→ **ASSIGNMENT**: Say how many lines of the listing below hold the word "moreover". Give only that number.

→ **GIVEN RECORDS**:
lemma triple_pairs_eq:
  assumes "a \<noteq> (0::'a)"
  shows "triple_pairs a = {p. card p = 2 \<and> (\<Sum>x\<in>p. x) = a \<and> 0 \<notin> p}"
proof (rule set_eqI, rule iffI)
  fix p assume "p \<in> triple_pairs a"
  then obtain b where b: "p = {b, a + b}" "b \<noteq> 0" "b \<noteq> a" unfolding triple_pairs_def by auto
  moreover have "b + (a + b) = a" by (simp add: add.left_commute[of b a])
  moreover have "b \<noteq> a + b" "a + b \<noteq> 0" using assms b(3) by (auto simp: add_eq_0_iff)
  ultimately show "p \<in> {p. card p = 2 \<and> (\<Sum>x\<in>p. x) = a \<and> 0 \<notin> p}" by auto
next
  fix p assume "p \<in> {p. card p = 2 \<and> (\<Sum>x\<in>p. x) = a \<and> 0 \<notin> p}"
  hence p: "card p = 2" "(\<Sum>x\<in>p. x) = a" "0 \<notin> p" by auto
  then obtain x where "x \<in> p" by fastforce
  hence "p = {x, x + a}" using pair_eq_insert_sum[OF p(1)] p(2) by simp
  moreover have "x \<noteq> a" using \<open>p = {x, x + a}\<close> p(3) by auto
  ultimately show "p \<in> triple_pairs a"
    unfolding triple_pairs_def using \<open>x \<in> p\<close> p(3) by (auto simp: add.commute)
qed

lemma count_z_mset_F:
  "count (z_mset F 1) (F c) = pair_count c 1 - (if c = 1 then 1 else 0)"
proof -
  let ?S = "{q. card q = 2 \<and> (\<Sum>x\<in>q. x) = c \<and> (\<Sum>x\<in>q. F x) = (1::'a)}"
  have "count (z_mset F 1) (F c) = card {p \<in> triple_pairs 1. F (\<Sum>y\<in>p. inv F y) = F c}"
    unfolding z_mset_def by (rule count_image_mset_mset_set) simp
  also have "\<dots> = card {q. q \<in> ?S - {{0, 1}}}"
  proof (rule card_Collect_bij_image[OF bij, symmetric])
    fix q :: "'a set"
    have "inj_on F q" using inj inj_on_subset by blast
    hence "card (F ` q) = card q" "(\<Sum>y\<in>F ` q. inv F y) = (\<Sum>x\<in>q. x)"
      "(\<Sum>y\<in>F ` q. y) = (\<Sum>x\<in>q. F x)"
      by (simp_all add: card_image sum.reindex)
    moreover have "card q = 2 \<and> (\<Sum>x\<in>q. F x) = 1 \<Longrightarrow> 0 \<in> q \<longleftrightarrow> q = {0, 1}"
      using pair_eq_insert_sum[of "F ` q" 0] \<open>inj_on F q\<close>
      by (auto simp: card_image sum.reindex inj_image_eq_iff[OF inj, of q "{0, 1}", simplified])
    ultimately show "q \<in> ?S - {{0, 1}} \<longleftrightarrow>
        F ` q \<in> triple_pairs 1 \<and> F (\<Sum>y\<in>F ` q. inv F y) = F c"
      by (auto simp: triple_pairs_eq)
  qed
  also have "\<dots> = pair_count c 1 - (if c = 1 then 1 else 0)"
    unfolding pair_count_def Collect_mem_eq by (auto simp: card_Diff_singleton_if)
  finally show ?thesis .
qed

lemma count_z_mset:
  "count (z_mset F 1) z = pair_count 1 (inverse z) - (if z = 1 then 1 else 0)"
proof -
  obtain c where z: "z = F c" using F_inv by metis
  have "c = 1 \<longleftrightarrow> z = 1" using z by (metis F_1 eq_iff)
  thus ?thesis using count_z_mset_F[of c] pair_count_inverse[of c] z by (simp add: F_inverse)
qed

lemma card_Collect_count_z_mset:
  "card {z. P (count (z_mset F 1) z)} = card {b. P (pair_count 1 b - (if b = 1 then 1 else 0))}"
proof (rule card_Collect_bij)
  show "bij (inverse :: 'a \<Rightarrow> 'a)"
    by (rule bij_betw_byWitness[where f'=inverse]) auto
qed (simp add: count_z_mset)

lemma count_Vstar:
  "count (Vstar F) k = (if k = 0 then 0
     else card {b. b \<noteq> 1 \<and> pair_count 1 b = k} + (if pair_count 1 1 = Suc k then 1 else 0))"
proof -
  have count_eq: "count (Vstar F) k = card {z \<in> set_mset (z_mset F 1). count (z_mset F 1) z = k}"
    unfolding Vstar_def Vstar_at_def by (rule count_image_mset_mset_set) simp
  show ?thesis
  proof (cases "k = 0")
    case False
    hence "{z \<in> set_mset (z_mset F 1). count (z_mset F 1) z = k} = {z. count (z_mset F 1) z = k}"
      by auto
    hence "count (Vstar F) k = card {z. count (z_mset F 1) z = k}"
      using count_eq by simp
    also have "\<dots> = card {b. pair_count 1 b - (if b = 1 then 1 else 0) = k}"
      by (rule card_Collect_count_z_mset)
    also have "{b. pair_count 1 b - (if b = 1 then 1 else 0) = k}
        = (if pair_count 1 1 = Suc k then insert 1 else id) {b. b \<noteq> 1 \<and> pair_count 1 b = k}"
      using False by auto
    finally show ?thesis using False by simp
  qed (use count_eq in simp)
qed

lemma size_Vstar:
  "size (Vstar F) = card {b. 0 < pair_count 1 b - (if b = 1 then 1 else 0)}"
proof -
  have "size (Vstar F) = card (set_mset (z_mset F 1))"
    unfolding Vstar_def Vstar_at_def by simp
  also have "set_mset (z_mset F 1) = {z. 0 < count (z_mset F 1) z}" by auto
  finally show ?thesis by (simp only: card_Collect_count_z_mset)
qed

lemma card_pair_count_1_eq:
  "card {b. pair_count 1 b = k}
     = card {b. b \<noteq> 1 \<and> pair_count 1 b = k} + (if pair_count 1 1 = k then 1 else 0)"
proof -
  have "{b. pair_count 1 b = k}
      = (if pair_count 1 1 = k then insert 1 else id) {b. b \<noteq> 1 \<and> pair_count 1 b = k}"
    by auto
  thus ?thesis by simp
qed

lemma pair_count_pos_iff:
  "0 < pair_count c b \<longleftrightarrow> (\<exists>x y. x \<noteq> y \<and> x + y = c \<and> F x + F y = b)"
proof -
  have "0 < pair_count c b \<longleftrightarrow> (\<exists>q. card q = 2 \<and> (\<Sum>x\<in>q. x) = c \<and> (\<Sum>x\<in>q. F x) = b)"
    unfolding pair_count_def by (auto simp: card_gt_0_iff)
  also have "\<dots> \<longleftrightarrow> (\<exists>x y. x \<noteq> y \<and> x + y = c \<and> F x + F y = b)"
  proof
    assume "\<exists>q. card q = 2 \<and> (\<Sum>x\<in>q. x) = c \<and> (\<Sum>x\<in>q. F x) = b"
    then obtain x y where "x \<noteq> y" "(\<Sum>v\<in>{x, y}. v) = c" "(\<Sum>v\<in>{x, y}. F v) = b"
      by (metis card_2_iff)
    thus "\<exists>x y. x \<noteq> y \<and> x + y = c \<and> F x + F y = b" by auto
  next
    assume "\<exists>x y. x \<noteq> y \<and> x + y = c \<and> F x + F y = b"
    then obtain x y where "x \<noteq> y" "x + y = c" "F x + F y = b" by blast
    thus "\<exists>q. card q = 2 \<and> (\<Sum>x\<in>q. x) = c \<and> (\<Sum>x\<in>q. F x) = b"
      by (intro exI[of _ "{x, y}"]) simp
  qed
  finally show ?thesis .
qed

→ **PROBLEM SOLUTION**: 4